**Aim of the exercise**
Copy out, from the entries below, each line holding the string "blast".

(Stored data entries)
+ + + +

(* Let $\Re$ be a commutative Krasner hyperring with identity $1\ne0$, $\phi:L(\Re)\to L(\Re)\cup\{\emptyset\}$ a function, and $T$ a $\phi$-prime proper hyperideal of $\Re$. (i) If $M$ is a hyperideal of $\Re$ with $M\subseteq T$, then $T/M$ is a $\phi_M$-prime hyperideal of $\Re/M$. (ii) If $S$ is a multiplicatively closed subset of $\Re$ with $T\cap S=\emptyset$ and $\phi(T)_S\subseteq\phi_S(T_S)$, then $T_S$ is a $\phi_S$-prime hyperideal of $\Re_S$.
   Context: Krasner hyperring: $(\Re,\oplus)$ canonical hypergroup, $(\Re,\circ)$ commutative semigroup with identity $1\ne0$, $0$ absorbing, distributive. Hyperideals, $L(\Re)$ as usual. For a hyperideal $M$, $\Re/M=\{a\oplus M\}$ is the quotient Krasner hyperring, and for a hyperideal $N\supseteq M$, $N/M=\{a\oplus M: a\in N\}$; $\phi_M:L(\Re/M)\to L(\Re/M)\cup\{\emptyset\}$ is $\phi_M(N/M)=(\phi(N)\oplus M)/M$, and $\emptyset$ if $\phi(N)=\emptyset$. For multiplicatively closed $S$ ($1\in S$, closed under $\circ$), $\Re_S$ is the localization (fractions $a/s$), $N_S=\{a/s: a\in N,s\in S\}$; for $J\in L(\Re_S)$, $J\cap\Re=\{a\in\Re: a/1\in J\}$ and $\phi_S(J)=(\phi(J\cap\Re))_S$, with $\phi_S(J)=\emptyset$ if $\phi(J\cap\Re)=\emptyset$. A hyperideal $N$ is $\psi$-prime if $a\circ b\in N$, $a\circ b\notin\psi(N)$ imply $a\in N$ or $b\in N$. *)

theory Defs
  imports Main
begin

record 'a hyperring =
  hcarrier :: "'a set"
  hadd :: "'a \<Rightarrow> 'a \<Rightarrow> 'a set"
  hmult :: "'a \<Rightarrow> 'a \<Rightarrow> 'a"
  hzero :: 'a
  hone :: 'a

definition hadd_set :: "('a, 'b) hyperring_scheme \<Rightarrow> 'a set \<Rightarrow> 'a set \<Rightarrow> 'a set" where
  "hadd_set R A B = (\<Union>a\<in>A. \<Union>b\<in>B. hadd R a b)"

definition hneg :: "('a, 'b) hyperring_scheme \<Rightarrow> 'a \<Rightarrow> 'a" where
  "hneg R a = (THE a'. a' \<in> hcarrier R \<and> hzero R \<in> hadd R a a')"

definition canonical_hypergroup :: "('a, 'b) hyperring_scheme \<Rightarrow> bool" where
  "canonical_hypergroup R \<longleftrightarrow>
     (\<forall>a\<in>hcarrier R. \<forall>b\<in>hcarrier R. hadd R a b \<subseteq> hcarrier R \<and> hadd R a b \<noteq> {}) \<and>
     (\<forall>a\<in>hcarrier R. \<forall>b\<in>hcarrier R. \<forall>c\<in>hcarrier R.
        hadd_set R (hadd R a b) {c} = hadd_set R {a} (hadd R b c)) \<and>
     (\<forall>a\<in>hcarrier R. \<forall>b\<in>hcarrier R. hadd R a b = hadd R b a) \<and>
     hzero R \<in> hcarrier R \<and>
     (\<forall>a\<in>hcarrier R. hadd R a (hzero R) = {a}) \<and>
     (\<forall>a\<in>hcarrier R. \<exists>!a'. a' \<in> hcarrier R \<and> hzero R \<in> hadd R a a') \<and>
     (\<forall>a\<in>hcarrier R. \<forall>b\<in>hcarrier R. \<forall>c\<in>hcarrier R.
        c \<in> hadd R a b \<longrightarrow> a \<in> hadd R c (hneg R b) \<and> b \<in> hadd R c (hneg R a))"

definition krasner_hyperring :: "('a, 'b) hyperring_scheme \<Rightarrow> bool" where
  "krasner_hyperring R \<longleftrightarrow>
     canonical_hypergroup R \<and>
     (\<forall>a\<in>hcarrier R. \<forall>b\<in>hcarrier R. hmult R a b \<in> hcarrier R) \<and>
     (\<forall>a\<in>hcarrier R. \<forall>b\<in>hcarrier R. \<forall>c\<in>hcarrier R.
        hmult R (hmult R a b) c = hmult R a (hmult R b c)) \<and>
     (\<forall>a\<in>hcarrier R. \<forall>b\<in>hcarrier R. hmult R a b = hmult R b a) \<and>
     hone R \<in> hcarrier R \<and>
     (\<forall>a\<in>hcarrier R. hmult R (hone R) a = a) \<and>
     hone R \<noteq> hzero R \<and>
     (\<forall>a\<in>hcarrier R. hmult R (hzero R) a = hzero R) \<and>
     (\<forall>a\<in>hcarrier R. \<forall>b\<in>hcarrier R. \<forall>c\<in>hcarrier R.
        hmult R a ` hadd R b c = hadd R (hmult R a b) (hmult R a c))"

definition hyperideal :: "('a, 'b) hyperring_scheme \<Rightarrow> 'a set \<Rightarrow> bool" where
  "hyperideal R N \<longleftrightarrow>
     N \<subseteq> hcarrier R \<and> N \<noteq> {} \<and>
     (\<forall>a\<in>N. \<forall>b\<in>N. hadd R a (hneg R b) \<subseteq> N) \<and>
     (\<forall>r\<in>hcarrier R. \<forall>a\<in>N. hmult R r a \<in> N)"

definition phi_prime :: "('a, 'b) hyperring_scheme \<Rightarrow> ('a set \<Rightarrow> 'a set) \<Rightarrow> 'a set \<Rightarrow> bool" where
  "phi_prime R \<psi> N \<longleftrightarrow>
     hyperideal R N \<and>
     (\<forall>a\<in>hcarrier R. \<forall>b\<in>hcarrier R.
        hmult R a b \<in> N \<and> hmult R a b \<notin> \<psi> N \<longrightarrow> a \<in> N \<or> b \<in> N)"

definition phi_function :: "('a, 'b) hyperring_scheme \<Rightarrow> ('a set \<Rightarrow> 'a set) \<Rightarrow> bool" where
  "phi_function R \<phi> \<longleftrightarrow> (\<forall>N. hyperideal R N \<longrightarrow> \<phi> N = {} \<or> hyperideal R (\<phi> N))"

definition coset :: "('a, 'b) hyperring_scheme \<Rightarrow> 'a set \<Rightarrow> 'a \<Rightarrow> 'a set" where
  "coset R M a = hadd_set R {a} M"

definition quot :: "('a, 'b) hyperring_scheme \<Rightarrow> 'a set \<Rightarrow> 'a set hyperring" where
  "quot R M =
     \<lparr> hcarrier = coset R M ` hcarrier R,
       hadd = (\<lambda>X Y. {coset R M c | c a b. a \<in> hcarrier R \<and> b \<in> hcarrier R \<and>
                         X = coset R M a \<and> Y = coset R M b \<and> c \<in> hadd R a b}),
       hmult = (\<lambda>X Y. THE Z. \<exists>a b. a \<in> hcarrier R \<and> b \<in> hcarrier R \<and>
                         X = coset R M a \<and> Y = coset R M b \<and> Z = coset R M (hmult R a b)),
       hzero = coset R M (hzero R),
       hone = coset R M (hone R) \<rparr>"

definition quot_ideal :: "('a, 'b) hyperring_scheme \<Rightarrow> 'a set \<Rightarrow> 'a set \<Rightarrow> 'a set set" where
  "quot_ideal R N M = coset R M ` N"

text \<open>phi_M(N/M) = (phi(N) \<oplus> M)/M, where N is the hyperideal of R corresponding to N/M.\<close>
definition phi_quot :: "('a, 'b) hyperring_scheme \<Rightarrow> ('a set \<Rightarrow> 'a set) \<Rightarrow> 'a set \<Rightarrow> 'a set set \<Rightarrow> 'a set set" where
  "phi_quot R \<phi> M J =
     (let N = {a \<in> hcarrier R. coset R M a \<in> J} in
      if \<phi> N = {} then {} else quot_ideal R (hadd_set R (\<phi> N) M) M)"

definition mult_closed :: "('a, 'b) hyperring_scheme \<Rightarrow> 'a set \<Rightarrow> bool" where
  "mult_closed R S \<longleftrightarrow> S \<subseteq> hcarrier R \<and> hone R \<in> S \<and>
     (\<forall>s\<in>S. \<forall>t\<in>S. hmult R s t \<in> S)"

text \<open>the fraction a/s: the class of (a,s) under (a,s) ~ (b,t) iff u a t = u b s for some u in S\<close>
definition frac :: "('a, 'b) hyperring_scheme \<Rightarrow> 'a set \<Rightarrow> 'a \<Rightarrow> 'a \<Rightarrow> ('a \<times> 'a) set" where
  "frac R S a s = {(b, t). b \<in> hcarrier R \<and> t \<in> S \<and>
      (\<exists>u\<in>S. hmult R u (hmult R a t) = hmult R u (hmult R b s))}"

definition localization :: "('a, 'b) hyperring_scheme \<Rightarrow> 'a set \<Rightarrow> ('a \<times> 'a) set hyperring" where
  "localization R S =
     \<lparr> hcarrier = {frac R S a s | a s. a \<in> hcarrier R \<and> s \<in> S},
       hadd = (\<lambda>X Y. {frac R S c (hmult R s t) | c a b s t.
                  a \<in> hcarrier R \<and> b \<in> hcarrier R \<and> s \<in> S \<and> t \<in> S \<and>
                  X = frac R S a s \<and> Y = frac R S b t \<and>
                  c \<in> hadd R (hmult R a t) (hmult R b s)}),
       hmult = (\<lambda>X Y. THE Z. \<exists>a b s t.
                  a \<in> hcarrier R \<and> b \<in> hcarrier R \<and> s \<in> S \<and> t \<in> S \<and>
                  X = frac R S a s \<and> Y = frac R S b t \<and>
                  Z = frac R S (hmult R a b) (hmult R s t)),
       hzero = frac R S (hzero R) (hone R),
       hone = frac R S (hone R) (hone R) \<rparr>"

definition loc_ideal :: "('a, 'b) hyperring_scheme \<Rightarrow> 'a set \<Rightarrow> 'a set \<Rightarrow> ('a \<times> 'a) set set" where
  "loc_ideal R S N = {frac R S a s | a s. a \<in> N \<and> s \<in> S}"

definition contraction :: "('a, 'b) hyperring_scheme \<Rightarrow> 'a set \<Rightarrow> ('a \<times> 'a) set set \<Rightarrow> 'a set" where
  "contraction R S J = {a \<in> hcarrier R. frac R S a (hone R) \<in> J}"

definition phi_loc :: "('a, 'b) hyperring_scheme \<Rightarrow> ('a set \<Rightarrow> 'a set) \<Rightarrow> 'a set \<Rightarrow> ('a \<times> 'a) set set \<Rightarrow> ('a \<times> 'a) set set" where
  "phi_loc R \<phi> S J =
     (if \<phi> (contraction R S J) = {} then {} else loc_ideal R S (\<phi> (contraction R S J)))"

end

theory Submission
  imports Defs
begin

text \<open>
  Membership in the image of T can be read off representatives: as M \<subseteq> T, a coset a \<oplus> M lies
  in T/M iff a \<in> T, and a fraction a/s lies in T_S iff u \<circ> a \<in> T for some u \<in> S. So if a
  product of two classes lies in the image of T but not in that of \<phi>(T), some product of
  representatives lies in T but not in \<phi>(T), and \<phi>-primeness of T applies. In the localization
  this product is u \<circ> (a \<circ> b); the factor u is cancelled because u \<notin> T, as T \<inter> S = \<emptyset>, while
  u \<circ> (a \<circ> b) \<notin> \<phi>(T) forces a \<circ> b \<notin> \<phi>(T), as \<phi>(T) is empty or a hyperideal.
\<close>

lemma hneg_eqI:
  assumes "x' \<in> hcarrier R" and "hzero R \<in> hadd R x x'"
    and "\<And>y. y \<in> hcarrier R \<Longrightarrow> hzero R \<in> hadd R x y \<Longrightarrow> y = x'"
  shows "hneg R x = x'"
  unfolding hneg_def using assms by (blast intro: the_equality)

lemma hyperidealI:
  assumes "N \<subseteq> hcarrier R" and "N \<noteq> {}"
    and "\<And>a b. a \<in> N \<Longrightarrow> b \<in> N \<Longrightarrow> hadd R a b \<subseteq> N"
    and "\<And>b. b \<in> N \<Longrightarrow> hneg R b \<in> N"
    and "\<And>r a. r \<in> hcarrier R \<Longrightarrow> a \<in> N \<Longrightarrow> hmult R r a \<in> N"
  shows "hyperideal R N"
  using assms unfolding hyperideal_def by blast

lemma quot_carrier [simp]: "hcarrier (quot R M) = coset R M ` hcarrier R"
  and quot_zero [simp]: "hzero (quot R M) = coset R M (hzero R)"
  and quot_add: "hadd (quot R M) X Y = {coset R M c | c a b. a \<in> hcarrier R \<and> b \<in> hcarrier R \<and>
     X = coset R M a \<and> Y = coset R M b \<and> c \<in> hadd R a b}"
  by (simp_all add: quot_def)

lemma loc_carrier [simp]:
    "hcarrier (localization R S) = {frac R S a s | a s. a \<in> hcarrier R \<and> s \<in> S}"
  and loc_zero [simp]: "hzero (localization R S) = frac R S (hzero R) (hone R)"
  and loc_add: "hadd (localization R S) X Y = {frac R S c (hmult R s t) | c a b s t.
     a \<in> hcarrier R \<and> b \<in> hcarrier R \<and> s \<in> S \<and> t \<in> S \<and> X = frac R S a s \<and> Y = frac R S b t \<and>
     c \<in> hadd R (hmult R a t) (hmult R b s)}"
  by (simp_all add: localization_def)

locale krasner =
  fixes R :: "('a, 'b) hyperring_scheme"
  assumes krasner: "krasner_hyperring R"
begin

lemma canonical: "canonical_hypergroup R"
  using krasner by (auto simp: krasner_hyperring_def)

lemma add_closed: "a \<in> hcarrier R \<Longrightarrow> b \<in> hcarrier R \<Longrightarrow> c \<in> hadd R a b \<Longrightarrow> c \<in> hcarrier R"
  using canonical by (auto simp: canonical_hypergroup_def)

lemma add_assoc:
  "a \<in> hcarrier R \<Longrightarrow> b \<in> hcarrier R \<Longrightarrow> c \<in> hcarrier R \<Longrightarrow>
    (\<Union>x\<in>hadd R a b. hadd R x c) = (\<Union>y\<in>hadd R b c. hadd R a y)"
  using canonical unfolding canonical_hypergroup_def hadd_set_def by simp

lemma add_comm: "a \<in> hcarrier R \<Longrightarrow> b \<in> hcarrier R \<Longrightarrow> hadd R a b = hadd R b a"
  using canonical by (auto simp: canonical_hypergroup_def)

lemma zero_closed [simp]: "hzero R \<in> hcarrier R"
  using canonical by (auto simp: canonical_hypergroup_def)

+ + + +

**Output of the task**
  unfolding hneg_def using assms by (blast intro: the_equality)
  using assms unfolding hyperideal_def by blast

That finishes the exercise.